TASK ITEM — Run through the records and show each line that includes the string "epsilon".

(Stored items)
text \<open>N^n-homogeneous bases: basis element k of F_i has multidegree dg i k, and all
  maps (including the augmentation to S/I, whose generator has degree 0) are homogeneous
  of degree 0.\<close>
definition multigraded ::
  "nat \<Rightarrow> (nat \<Rightarrow> nat set) \<Rightarrow> (nat \<Rightarrow> nat \<Rightarrow> nat \<Rightarrow> ('v, 'k::zero) mpoly) \<Rightarrow> (nat \<Rightarrow> ('v, 'k) mpoly)
     \<Rightarrow> (nat \<Rightarrow> nat \<Rightarrow> ('v \<Rightarrow>\<^sub>0 nat)) \<Rightarrow> bool" where
  "multigraded t B A \<epsilon> dg \<longleftrightarrow>
     (\<forall>i\<in>{1..t}. \<forall>j\<in>B (i - 1). \<forall>k\<in>B i. \<forall>a\<in>Poly_Mapping.keys (A i j k). a + dg (i - 1) j = dg i k)
   \<and> (\<forall>j\<in>B 0. \<forall>a\<in>Poly_Mapping.keys (\<epsilon> j). a = dg 0 j)"

text \<open>Pruning: the surviving basis indices. Step i deletes the columns of
  A_i (rows restricted to the survivors of step i-1) that vanish after setting Z to 0.\<close>
fun pruned_basis :: "'v set \<Rightarrow> (nat \<Rightarrow> nat set) \<Rightarrow> (nat \<Rightarrow> nat \<Rightarrow> nat \<Rightarrow> ('v, 'k::zero) mpoly) \<Rightarrow> nat \<Rightarrow> nat set" where
  "pruned_basis Z B A 0 = B 0"
| "pruned_basis Z B A (Suc i) =
     {k \<in> B (Suc i). \<exists>j\<in>pruned_basis Z B A i. setZ Z (A (Suc i) j k) \<noteq> 0}"

text \<open>Pruned matrices: A_i with Z set to 0 (restricted to surviving rows/columns via pruned_basis).\<close>
definition pruned_mats :: "'v set \<Rightarrow> (nat \<Rightarrow> nat \<Rightarrow> nat \<Rightarrow> ('v, 'k::zero) mpoly) \<Rightarrow> nat \<Rightarrow> nat \<Rightarrow> nat \<Rightarrow> ('v, 'k) mpoly" where
  "pruned_mats Z A = (\<lambda>i j k. setZ Z (A i j k))"

end

theory Submission imports Defs begin

(* Setting the variables of Z to 0 is the map setZ, which keeps exactly the terms of a polynomial
   whose exponent vector is Z-free; it is a ring retraction of S onto T = polyT Z.  Call a basis
   element of F_i Z-free when its multidegree is.  Homogeneity of the matrices then gives:
   (a) an entry A_i(j,k) in a Z-free column k is untouched by setZ, and is zero unless its row j
       is Z-free; an entry in a Z-free row and a non-Z-free column is killed by setZ;
   (b) by minimality no column of A_i vanishes and every generator of F_0 is Z-free, so the
       pruning keeps precisely the Z-free basis elements.
   Hence the pruned complex is the span of the Z-free basis vectors with T-coefficients, on
   which it agrees with C; and "apply setZ, forget non-Z-free coordinates" is a retraction of C
   onto it commuting with the differentials.  A retract of an exact complex is exact, which
   yields exactness of the pruning, including at F_0 because monomial ideals are stable under
   setZ.  Minimality survives since setZ preserves constant terms. *)

section \<open>Setting the variables of Z to zero\<close>

definition Z_free :: "'v set \<Rightarrow> ('v \<Rightarrow>\<^sub>0 nat) \<Rightarrow> bool" where
  "Z_free Z a \<longleftrightarrow> (\<forall>z\<in>Z. Poly_Mapping.lookup a z = 0)"

lemma Z_free_add [simp]: "Z_free Z (a + b) \<longleftrightarrow> Z_free Z a \<and> Z_free Z b"
  by (auto simp: Z_free_def lookup_add)

lemma Z_free_zero [simp]: "Z_free Z 0"
  by (simp add: Z_free_def)

lemma Z_free_UNIV: "Z_free UNIV a \<longleftrightarrow> a = 0"
  by (auto simp: Z_free_def poly_mapping_eqI)

lemma lookup_setZ:
  "Poly_Mapping.lookup (setZ Z f) a = (if Z_free Z a then Poly_Mapping.lookup f a else 0)"
proof -
  have "finite {a. (if Z_free Z a then Poly_Mapping.lookup f a else 0) \<noteq> 0}"
    by (rule finite_subset[OF _ finite_lookup[of f]]) auto
  then show ?thesis unfolding setZ_def Z_free_def by simp
qed

lemma setZ_0 [simp]: "setZ Z 0 = 0"
  by (rule poly_mapping_eqI) (simp add: lookup_setZ)

lemma setZ_add: "setZ Z (f + g) = setZ Z f + setZ Z g"
  by (rule poly_mapping_eqI) (simp add: lookup_setZ lookup_add)

lemma setZ_diff: "setZ Z (f - g) = setZ Z f - setZ Z (g :: ('v, 'k::ab_group_add) mpoly)"
  by (rule poly_mapping_eqI) (simp add: lookup_setZ lookup_minus)

lemma setZ_sum: "setZ Z (sum f X) = (\<Sum>x\<in>X. setZ Z (f x))"
  by (rule poly_mapping_eqI) (simp add: lookup_setZ lookup_sum)

lemma setZ_id: "(\<And>a. a \<in> Poly_Mapping.keys f \<Longrightarrow> Z_free Z a) \<Longrightarrow> setZ Z f = f"
  by (rule poly_mapping_eqI) (auto simp: lookup_setZ in_keys_iff)

lemma setZ_vanish: "(\<And>a. a \<in> Poly_Mapping.keys f \<Longrightarrow> \<not> Z_free Z a) \<Longrightarrow> setZ Z f = 0"
  by (rule poly_mapping_eqI) (auto simp: lookup_setZ in_keys_iff)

PROBLEM SOLUTION —
  "multigraded t B A \<epsilon> dg \<longleftrightarrow>
   \<and> (\<forall>j\<in>B 0. \<forall>a\<in>Poly_Mapping.keys (\<epsilon> j). a = dg 0 j)"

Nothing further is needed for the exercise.